# Getting Started With Pandas

We will begin by introducing the `Series`, `DataFrame`, and `Index` classes, which are the basic building blocks of the pandas library, and showing how to work with them. By the end of this section, you will be able to create DataFrames and perform operations on them to inspect and filter the data.

More information [here](https://pandas.pydata.org/docs/user_guide/index.html)

## Anatomy of a DataFrame

A **DataFrame** is composed of one or more **Series**. The names of the **Series** form the column names, and the row labels form the **Index**.

In [None]:
import pandas as pd

meteorites = pd.read_csv('data/Meteorite_Landings.csv', nrows=5)
meteorites

*Source: [NASA's Open Data Portal](https://data.nasa.gov/Space-Science/Meteorite-Landings/gh4g-9sfh)*

#### Series:

In [None]:
meteorites.name

#### Columns:

In [None]:
meteorites.columns

#### Index:

In [None]:
meteorites.index

## Creating DataFrames

We can create DataFrames from a variety of sources such as other Python objects, flat files, webscraping, and API requests. Here, we will see just a couple of examples, but be sure to check out [this page](https://pandas.pydata.org/pandas-docs/stable/user_guide/io.html) in the documentation for a complete list.

### Using a flat file

In [None]:
import pandas as pd

meteorites = pd.read_csv('data/Meteorite_Landings.csv')
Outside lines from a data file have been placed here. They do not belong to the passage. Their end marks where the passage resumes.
theorem theorem3:
  fixes V :: "'a set" and E :: "'a \<Rightarrow> 'a \<Rightarrow> bool" and v u :: 'a and k :: nat and \<alpha> :: real
  assumes "simple_graph V E"
    and "v \<in> V" and "u \<in> V" and "v \<noteq> u" and "\<not> E v u"
    and "colourings V E k \<noteq> {}"
    and "{\<sigma> \<in> colourings V E k. good v u \<sigma>} \<noteq> {}"
    and "0 \<le> \<alpha>" and "\<alpha> \<le> 1"
    and "\<forall>c\<in>{1..k}. \<forall>q\<in>{1..k}. c \<noteq> q \<longrightarrow>
           alpha_iso_fun \<alpha> (colourings_vu V E k v u c c) (colourings_vu V E k v u q c)
             (\<lambda>\<sigma>. switching V E v \<sigma> q)"
  shows "tv_dist (V \<rightarrow>\<^sub>E {1..k})
           (pmf_of_set {\<sigma> \<in> colourings V E k. good v u \<sigma>})
           (bind_pmf (pmf_of_set (colourings V E k)) (STEP V E k v u))
         \<le> \<alpha>"
proof -
  let ?\<Omega> = "colourings V E k"
  let ?G = "{\<sigma> \<in> ?\<Omega>. good v u \<sigma>}" and ?B = "{\<sigma> \<in> ?\<Omega>. \<not> good v u \<sigma>}"
  let ?\<nu>' = "bind_pmf (pmf_of_set ?\<Omega>) (STEP V E k v u)"
  have "finite V" using assms(1) unfolding simple_graph_def by blast
  then have "finite ?\<Omega>" "finite ?G" by (simp_all add: finite_colourings)
  have "k \<ge> 2"
    using assms(7) colourings_range[OF _ assms(2)] colourings_range[OF _ assms(3)]
    unfolding good_def by fastforce
  have "card ?\<Omega> = card (?G \<union> ?B)" by (intro arg_cong[where f = card]) auto
  also have "\<dots> = card ?G + card ?B" using \<open>finite ?\<Omega>\<close> by (intro card_Un_disjoint) auto
  finally have pmf_\<nu>': "pmf ?\<nu>' \<sigma> = (\<Sum>X\<in>?\<Omega>. pmf (STEP V E k v u X) \<sigma>) / (card ?G + card ?B)" for \<sigma>
    using pmf_bind_pmf_of_set[OF assms(6) \<open>finite ?\<Omega>\<close>] by simp
  have "(\<Sum>\<sigma>\<in>?G. max 0 (1 / card ?G - pmf ?\<nu>' \<sigma>)) \<le> \<alpha>"
  proof (rule sum_deficit_le[where W = "switch_reachable V E k v u" and b = "card ?B"
        and K = "real (k - 1)"])
    show "\<forall>\<sigma>\<in>?G. 1 / (card ?G + real (card ?B)) \<le> pmf ?\<nu>' \<sigma>"
      using sum_pmf_STEP_ge_good[OF \<open>finite V\<close>]
      unfolding pmf_\<nu>' by (auto intro: divide_right_mono)
    show "\<forall>\<sigma>\<in>switch_reachable V E k v u.
        (1 + 1 / real (k - 1)) / (card ?G + real (card ?B)) \<le> pmf ?\<nu>' \<sigma>"
      using sum_pmf_STEP_ge_switch_reachable[OF \<open>finite V\<close> assms(2)]
      unfolding pmf_\<nu>' by (auto intro: divide_right_mono)
  qed (use \<open>finite ?G\<close> assms(7,8) \<open>k \<ge> 2\<close> switch_reachable_subset_good[of V E k v u]
         card_switch_reachable_ge[OF \<open>finite V\<close> assms(2,3,10)] in auto)
  then show ?thesis
    using tv_dist_pmf_of_set_le[OF \<open>finite ?G\<close> assms(7)] by blast
qed

end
*Tip: There are many parameters to this function to handle some initial processing while reading in the file &ndash; be sure check out the [documentation](https://pandas.pydata.org/docs/reference/api/pandas.read_csv.html).*

### Using data from an API

Collect the data from [NASA's Open Data Portal](https://data.nasa.gov/Space-Science/Meteorite-Landings/gh4g-9sfh) using the Socrata Open Data API (SODA) with the `requests` library:

In [None]:
import requests

response = requests.get(
    'https://data.nasa.gov/resource/gh4g-9sfh.json',
    params={'$limit': 50_000}
)

if response.ok:
    payload = response.json()
else:
    print(f'Request was not successful and returned code: {response.status_code}.')
    payload = None

In [None]:
payload

Create the DataFrame with the resulting payload:

In [None]:
import pandas as pd

df = pd.DataFrame(payload)
df.head(3)

*Tip: `df.to_csv('data.csv')` writes this data to a new file called `data.csv`.*

## Inspecting the data
Now that we have some data, we need to perform an initial inspection of it. This gives us information on what the data looks like, how many rows/columns there are, and how much data we have. 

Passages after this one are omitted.